The study used a combination of computer models and seismic imaging to trace the waves. They found that the impact generated a massive wave of energy that traveled through the Earth’s mantle and crust, and because of the planet’s internal structure—think of it like a giant, semi-fluid Jell-O mold—that energy got trapped in certain layers and just kept sloshing around. The waves are so weak now that you’d need a seismometer sensitive enough to detect a gnat sneezing in the next county to even notice them. But they’re there. Persistent. Passive-aggressive. Like your neighbor who keeps leaving passive-aggressive notes about your recycling bins.
And honestly, this tracks perfectly with the Earth’s general vibe. The planet has always been a drama queen. It’s got volcanoes that erupt for decades, earthquakes that rearrange entire coastlines, and an atmosphere that’s currently trying to cook us alive because we burned too much coal. Of course it’s still holding onto that meteor impact. It’s the Earth’s version of an AITA post: “AITA for still vibrating 66 million years after a giant rock hit me? My friend the Moon says I should just get over it, but I feel like my feelings are valid.”
The implications of this are, frankly, hilarious and terrifying in equal measure. On the one hand, it means that the Earth’s crust is still slowly adjusting to the trauma of that impact, which could theoretically influence modern seismic activity. So the next time you feel a minor earthquake in California, you can blame it on the dinosaurs. “Sorry I’m late to work, boss, a giant space rock from the Cretaceous period shook my apartment complex.” It’s the perfect excuse. Use it wisely.
On the other hand, this discovery also suggests that the Earth’s internal “memory” is way longer than we thought. If a single impact can cause seismic ringing for tens of millions of years, what about all the other big impacts? We’ve got impact craters all over the planet—from the Vredefort Dome in South Africa (2 billion years old) to the Sudbury Basin in Canada (1.8 billion years old). Are they all still vibrating? Is the Earth just a giant, celestial tuning fork that’s been struck repeatedly by cosmic debris, and we’re all just living on top of a perpetual, barely-perceptible tremor?
Yes. The answer is yes. And you know what? That’s kind of beautiful. In a universe where everything is chaos and entropy, it’s nice to know that the planet is still processing its trauma. It’s relatable. I’ve been processing a breakup from 2016 and I still get a little twitch when someone mentions avocado toast. The Earth gets it.

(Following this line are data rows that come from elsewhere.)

definition cross_edges :: "'a set set \<Rightarrow> ('a \<times> 'a) set set" where
  "cross_edges E = {{(u, v), (v, u)} | u v. {u, v} \<in> E}"

definition path_edges :: "'a set \<Rightarrow> ('a \<Rightarrow> 'a list) \<Rightarrow> ('a \<times> 'a) set set" where
  "path_edges V ord = {{(u, ord u ! i), (u, ord u ! Suc i)} | u i. u \<in> V \<and> Suc i < length (ord u)}"

definition E' :: "'a set \<Rightarrow> 'a set set \<Rightarrow> ('a \<Rightarrow> 'a list) \<Rightarrow> ('a \<times> 'a) set set" where
  "E' V E ord = cross_edges E \<union> path_edges V ord"

definition lam' :: "'a set set \<Rightarrow> ('a set \<Rightarrow> real) \<Rightarrow> nat \<Rightarrow> (nat \<Rightarrow> 'a set) \<Rightarrow> real \<Rightarrow> real \<Rightarrow>
    ('a \<times> 'a) set \<Rightarrow> real" where
  "lam' E lam k U \<delta> \<delta>' e =
     (if e \<in> cross_edges E then
        (if \<exists>i<k. fst ` e \<subseteq> U i then lam (fst ` e) else lam (fst ` e) - \<delta>)
      else \<delta>')"

definition U' :: "'a set set \<Rightarrow> 'a set \<Rightarrow> ('a \<times> 'a) set" where
  "U' E A = {(u, v). u \<in> A \<and> {u, v} \<in> E}"

end

theory Submission
  imports Defs
begin

text \<open>
  Let \<open>d\<close>, \<open>d'\<close> and \<open>d\<^sub>c\<close> be the distances in \<open>T\<close>, in \<open>T'\<close>, and in \<open>T\<close> with the edges
  between different cells shortened by \<open>\<delta>\<close> (the lengths of the cross edges of \<open>T'\<close>).
  A potential argument gives \<open>d\<^sub>c(a, x) \<le> d'(a', x')\<close> for copies \<open>a'\<close>, \<open>x'\<close> of \<open>a\<close>, \<open>x\<close>:
  \<open>d\<^sub>c(a, -)\<close> changes by at most the length of a cross edge and not at all along the path
  at a vertex. Conversely, lifting a simple path of \<open>T\<close> to \<open>T'\<close> adds at most \<open>\<delta>'\<close> times
  the degree sum \<open>2(n - 1)\<close>, less than \<open>\<delta>/2\<close>, to its \<open>d\<^sub>c\<close>-length. Moreover
  \<open>d\<^sub>c \<ge> d - (n - 1)\<delta>\<close>, \<open>d\<^sub>c = d\<close> inside a cell (in a tree the path between two vertices
  of a subtree stays in it), and a path leaving the cell of its start is shortened by at
  least \<open>\<delta>\<close>. Since distinct distance differences are at least \<open>res' > 6n\<delta>\<close>, a solution
  of \<open>I\<close> yields one of \<open>I'\<close> by choosing any copy of each site, and a solution of \<open>I'\<close>
  projects to one of \<open>I\<close>, each projected site being at least \<open>\<delta>/2\<close> closer to the
  vertices of its own cell than any other site.
\<close>

section \<open>Walks and shortest-path distances\<close>

lemma walk_len_Nil [simp]: "walk_len lam [] = 0"
  by (simp add: walk_len_def)
(* Let $n\ge 3$ and $1\le k\le n-2$. Then $n-k-1$ is an eigenvalue of the adjacency matrix of $X[k]$ with multiplicity at least $\binom{n-2}{k}$.
   Context: $T_n=\{(1\,2),\dots,(1\,n)\}$. $X[k]$ is the Schreier coset graph $X(S_n,S'_{n-k},T_n)$, where $S'_{n-k}\le S_n$ is the subgroup fixing $n-k+1,\dots,n$ pointwise; equivalently, $X[k]$ is the multigraph whose vertices are the $k$-tuples of pairwise distinct elements of $[n]$, with, for each vertex $(i_1,\dots,i_k)$ and each $t\in T_n$, an edge joining it to $(t(i_1),\dots,t(i_k))$ (a loop if equal). Its adjacency matrix $A$ has $A_{x,y}=\#\{t\in T_n : t(x)=y\}$, where $t$ acts entrywise on tuples; in particular each loop contributes $1$ to the diagonal entry. *)

theory Defs
  imports "Jordan_Normal_Form.Jordan_Normal_Form" "HOL-Combinatorics.Transposition"
begin

text \<open>Vertices of X[k]: k-tuples (lists of length k) of pairwise distinct elements
  of [n] = {1..n}, enumerated in a fixed order (any order gives a permutation-similar
  matrix, hence the same spectrum).\<close>
definition Xk_vertices :: "nat \<Rightarrow> nat \<Rightarrow> nat list list" where
  "Xk_vertices n k = filter distinct (List.n_lists k [1..<n+1])"

definition Xk_adj_entry :: "nat \<Rightarrow> nat list \<Rightarrow> nat list \<Rightarrow> nat" where
  "Xk_adj_entry n x y = card {i \<in> {2..n}. map (transpose 1 i) x = y}"

definition Xk_adj :: "nat \<Rightarrow> nat \<Rightarrow> real mat" where
  "Xk_adj n k = (let vs = Xk_vertices n k in
     mat (length vs) (length vs) (\<lambda>(i, j). real (Xk_adj_entry n (vs ! i) (vs ! j))))"

end

theory Submission
  imports Defs "Jordan_Normal_Form.Jordan_Normal_Form_Uniqueness"
    "Jordan_Normal_Form.Jordan_Normal_Form_Existence"
begin

(* For every k-subset S of {3..n} put C = {2} \<union> S, a set of size k+1.
   The function alt_fun S on vertices vanishes unless the tuple x avoids 1 and lies
   inside C; then x misses exactly one element m of C, and alt_fun S x is the sign of
   the permutation of C sending the sorted list (2, s_1, ..., s_k) to (m, x_1, ..., x_k).
   Under the adjacency matrix, a tuple avoiding 1 is fixed by exactly n-1-k of the
   transpositions (1 i) and sent to a tuple containing 1 (where alt_fun S vanishes) by
   the others; for a tuple containing 1 the surviving terms come in pairs differing by a
   transposition of C, which cancel.  So every alt_fun S is an eigenvector for n-k-1, and
   alt_fun T (sorted S) = [S = T] makes these C(n-2,k) eigenvectors independent. *)

(* The root multiplicity "order" of polynomials is meant, not the order of a group. *)
hide_const (open) Coset.order

text \<open>Geometric multiplicity is at most algebraic multiplicity.  In a Jordan normal form
  every block contributes at most one dimension to the eigenspace, but its full size to
  the root multiplicity.\<close>

lemma sum_min1_le_sum_list:
  fixes n_as :: "(nat \<times> 'a) list"
  shows "(\<Sum>n \<leftarrow> map fst [(n, e)\<leftarrow>n_as . e = ev]. min 1 n)
    \<le> sum_list (map fst (filter (\<lambda>na. snd na = ev) n_as))"
  by (induct n_as) auto

lemma card_indep_eigenvectors_le_order:
  fixes A :: "complex mat"
  assumes A: "A \<in> carrier_mat N N" and W: "finite W" "W \<subseteq> mat_kernel (char_matrix A ev)"
    and indep: "\<not> kernel.lin_dep N (char_matrix A ev) W"
  shows "card W \<le> order ev (char_poly A)"
proof -
  from char_poly_factorized[OF A] obtain as where "char_poly A = (\<Prod>a\<leftarrow>as. [:- a, 1:])"
    by auto
  from jordan_nf_exists[OF A this] obtain n_as where jnf: "jordan_nf A n_as" ..
  have CA: "char_matrix A ev \<in> carrier_mat N N" using A by simp
  interpret K: kernel N N "char_matrix A ev" by (unfold_locales, rule CA)
  from kernel_basis_exists[OF CA] obtain B where "finite B" "K.basis B" by auto
  hence fin_dim: "K.Ker.fin_dim" unfolding K.Ker.fin_dim_def K.Ker.basis_def by auto
  have "card W \<le> K.dim" using K.Ker.li_le_dim(2)[OF fin_dim W(2) indep] .
  also have "K.dim = dim_gen_eigenspace A ev 1" unfolding dim_gen_eigenspace_def using CA by simp
  also have "\<dots> \<le> order ev (char_poly A)"
    unfolding dim_gen_eigenspace[OF jnf] jordan_nf_order[OF jnf] by (rule sum_min1_le_sum_list)
  finally show ?thesis .
qed

lemma (in kernel) dual_family_lin_indep:
  assumes w: "\<And>i. i \<in> I \<Longrightarrow> w i \<in> mat_kernel A"
    and dual: "\<And>i. i \<in> I \<Longrightarrow> \<exists>j<nc. \<forall>l\<in>I. w l $ j = (if l = i then 1 else 0)"
  shows "inj_on w I" and "\<not> Ker.lin_dep (w ` I)"
proof -
  show inj: "inj_on w I"
  proof
    fix i l assume il: "i \<in> I" "l \<in> I" "w i = w l"
    obtain j where "\<forall>m\<in>I. w m $ j = (if m = i then 1 else 0)" using dual[OF il(1)] by blast
    thus "i = l" using il by (metis one_neq_zero)
  qed
  show "\<not> Ker.lin_dep (w ` I)"
  proof
    assume "Ker.lin_dep (w ` I)"
    then obtain a U u where finU: "finite U" and UW: "U \<subseteq> w ` I"
        and lc: "Ker.lincomb a U = 0\<^sub>v nc" and u: "u \<in> U" and au: "a u \<noteq> 0"
      unfolding Ker.lin_dep_def by (auto simp: module_vec_simps class_ring_simps)
    obtain i where i: "i \<in> I" "u = w i" using u UW by auto
    obtain j where j: "j < nc" and dj: "\<forall>l\<in>I. w l $ j = (if l = i then 1 else 0)"
      using dual[OF i(1)] by blast
    have coord: "x $ j = (if x = u then 1 else 0)" if "x \<in> U" for x
      using that UW dj i inj by (auto simp: inj_on_eq_iff)
    have "U \<subseteq> mat_kernel A" using UW w by auto
    hence "0 = (\<Sum>x\<in>U. a x * x $ j)"
      using arg_cong[OF lc, of "\<lambda>x. x $ j"] lincomb_index[OF j] j by simp
    also have "\<dots> = (\<Sum>x\<in>U. if x = u then a x else 0)" using coord by (intro sum.cong) auto
    also have "\<dots> = a u" using finU u by simp
    finally show False using au by simp
  qed
qed

lemma eigenvector_of_real_in_kernel:
  fixes A :: "real mat"
  assumes A: "A \<in> carrier_mat N N" and "eigenvector A v lam"
  shows "map_vec complex_of_real v
    \<in> mat_kernel (char_matrix (map_mat complex_of_real A) (complex_of_real lam))"
proof -
  let ?Ac = "map_mat complex_of_real A"
  have Ac: "?Ac \<in> carrier_mat N N" using A by simp
  have "eigenvector ?Ac (map_vec complex_of_real v) (complex_of_real lam)"
    by (rule of_real_hom.eigenvector_hom[OF A assms(2)])
  thus ?thesis using Ac unfolding eigenvector_char_matrix[OF Ac]
    by (intro mat_kernelI[of _ N N]) auto
qed

lemma order_map_poly_of_real:
  "order (complex_of_real x) (map_poly complex_of_real p) = order x p"
proof -
  interpret map_poly_inj_idom_divide_hom complex_of_real ..
  show ?thesis by (rule order_hom)
qed

lemma card_dual_eigenvectors_le_order:
  fixes A :: "real mat" and v :: "'i \<Rightarrow> real vec"
  assumes A: "A \<in> carrier_mat N N" and I: "finite I"
    and v: "\<And>i. i \<in> I \<Longrightarrow> v i \<in> carrier_vec N"
    and eigen: "\<And>i. i \<in> I \<Longrightarrow> A *\<^sub>v v i = lam \<cdot>\<^sub>v v i"
    and dual: "\<And>i. i \<in> I \<Longrightarrow> \<exists>j<N. \<forall>l\<in>I. v l $ j = (if l = i then 1 else 0)"
  shows "card I \<le> order lam (char_poly A)"
proof -
  let ?Ac = "map_mat complex_of_real A" and ?ev = "complex_of_real lam"
  let ?w = "\<lambda>i. map_vec complex_of_real (v i)"
  have Ac: "?Ac \<in> carrier_mat N N" using A by simp
  interpret K: kernel N N "char_matrix ?Ac ?ev" by unfold_locales (use Ac in simp)
  have w_dual: "\<exists>j<N. \<forall>l\<in>I. ?w l $ j = (if l = i then 1 else 0)" if i: "i \<in> I" for i
  proof -
    obtain j where j: "j < N" "\<forall>l\<in>I. v l $ j = (if l = i then 1 else 0)"
      using dual[OF i] by blast
    have "?w l $ j = complex_of_real (v l $ j)" if "l \<in> I" for l using v[OF that] j(1) by simp
    thus ?thesis using j by (intro exI[of _ j]) auto
  qed
  have kernel: "?w i \<in> mat_kernel (char_matrix ?Ac ?ev)" if i: "i \<in> I" for i
  proof (rule eigenvector_of_real_in_kernel[OF A])
    obtain j where "j < N" "v i $ j = 1" using dual[OF i] i by force
    thus "eigenvector A (v i) lam" unfolding eigenvector_def using A v[OF i] eigen[OF i] by auto
  qed
  have "card I = card (?w ` I)" using card_image[OF K.dual_family_lin_indep(1)[OF kernel w_dual]] by simp
  also have "\<dots> \<le> order ?ev (char_poly ?Ac)"
    using kernel I by (intro card_indep_eigenvectors_le_order[OF Ac]
        K.dual_family_lin_indep(2)[OF kernel w_dual]) auto
  also have "\<dots> = order lam (char_poly A)"
    unfolding of_real_hom.char_poly_hom[OF A] by (rule order_map_poly_of_real)
  finally show ?thesis .
qed

definition list_perm :: "'a list \<Rightarrow> 'a list \<Rightarrow> 'a \<Rightarrow> 'a" where
  "list_perm r y z = (case map_of (zip r y) z of None \<Rightarrow> z | Some w \<Rightarrow> w)"

lemma list_perm_nth:
  "length r = length y \<Longrightarrow> distinct r \<Longrightarrow> i < length r \<Longrightarrow> list_perm r y (r ! i) = y ! i"
  unfolding list_perm_def by (simp add: map_of_zip_nth)

lemma list_perm_outside:
  assumes "length r = length y" "z \<notin> set r"
  shows "list_perm r y z = z"
proof -
  have "map_of (zip r y) z = None" using assms by simp
  thus ?thesis unfolding list_perm_def by simp
qed

lemma list_perm_self: "distinct r \<Longrightarrow> list_perm r r = id"
  by (rule ext) (metis id_apply in_set_conv_nth list_perm_nth list_perm_outside)

lemma list_perm_permutes:
  assumes l: "length r = length y" and dr: "distinct r" and s: "set y = set r"
  shows "list_perm r y permutes set r"
proof (rule bij_imp_permutes)
  have "set r = (!) r ` {..<length r}" by (auto simp: in_set_conv_nth)
  hence "list_perm r y ` set r = (!) y ` {..<length r}"
    by (simp add: image_image list_perm_nth[OF l dr])
  also have "\<dots> = set y" using l by (auto simp: in_set_conv_nth)
  finally have img: "list_perm r y ` set r = set r" using s by simp
  hence "inj_on (list_perm r y) (set r)" by (intro eq_card_imp_inj_on) auto
  with img show "bij_betw (list_perm r y) (set r) (set r)" unfolding bij_betw_def by auto
qed (rule list_perm_outside[OF l])

lemma list_perm_map_transpose:
  assumes l: "length r = length y" and dr: "distinct r" and u: "u \<in> set r" and w: "w \<in> set r"
  shows "list_perm r (map (transpose u w) y) = transpose u w \<circ> list_perm r y"
proof
  fix z show "list_perm r (map (transpose u w) y) z = (transpose u w \<circ> list_perm r y) z"
  proof (cases "z \<in> set r")
    case True
    then obtain i where "i < length r" "z = r ! i" by (auto simp: in_set_conv_nth)
    thus ?thesis using list_perm_nth[OF _ dr] l by simp
  next
    case False
    hence "z \<noteq> u" "z \<noteq> w" using u w by auto
    thus ?thesis using False l by (simp add: list_perm_outside transpose_def)
  qed
qed

lemma sign_list_perm_transpose:
  assumes l: "length r = length y" and dr: "distinct r" and s: "set y = set r"
    and u: "u \<in> set r" and w: "w \<in> set r" and uw: "u \<noteq> w"
  shows "sign (list_perm r (map (transpose u w) y)) = - sign (list_perm r y)"
proof -
  have "permutation (list_perm r y)"
    using list_perm_permutes[OF l dr s] by (rule permutes_imp_permutation[rotated]) simp
  thus ?thesis unfolding list_perm_map_transpose[OF l dr u w]
    by (simp add: sign_compose permutation_swap_id sign_swap_id uw)
qed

So the next time you’re standing on solid ground, take a moment to appreciate that it’s not actually solid. It’s jiggling. It’s been jiggling since before your ancestors were even a glint in evolution’s eye. And it’s going to keep jiggling long after we’re gone, probably until
Final Thoughts
The relentless march of seismic waves through the planet’s crust is nature’s most honest informant, revealing that the ground beneath our feet is not a static stage but a dynamic, breathing organism. After decades of covering quakes from the rubble, I’ve come to see these tremors not just as harbingers of destruction, but as the Earth’s vital signs—a pulse we are only beginning to read with clarity. Ultimately, our challenge is to listen more closely to these deep, rumbling whispers, for they hold the only true blueprint for where and when the next great upheaval will occur.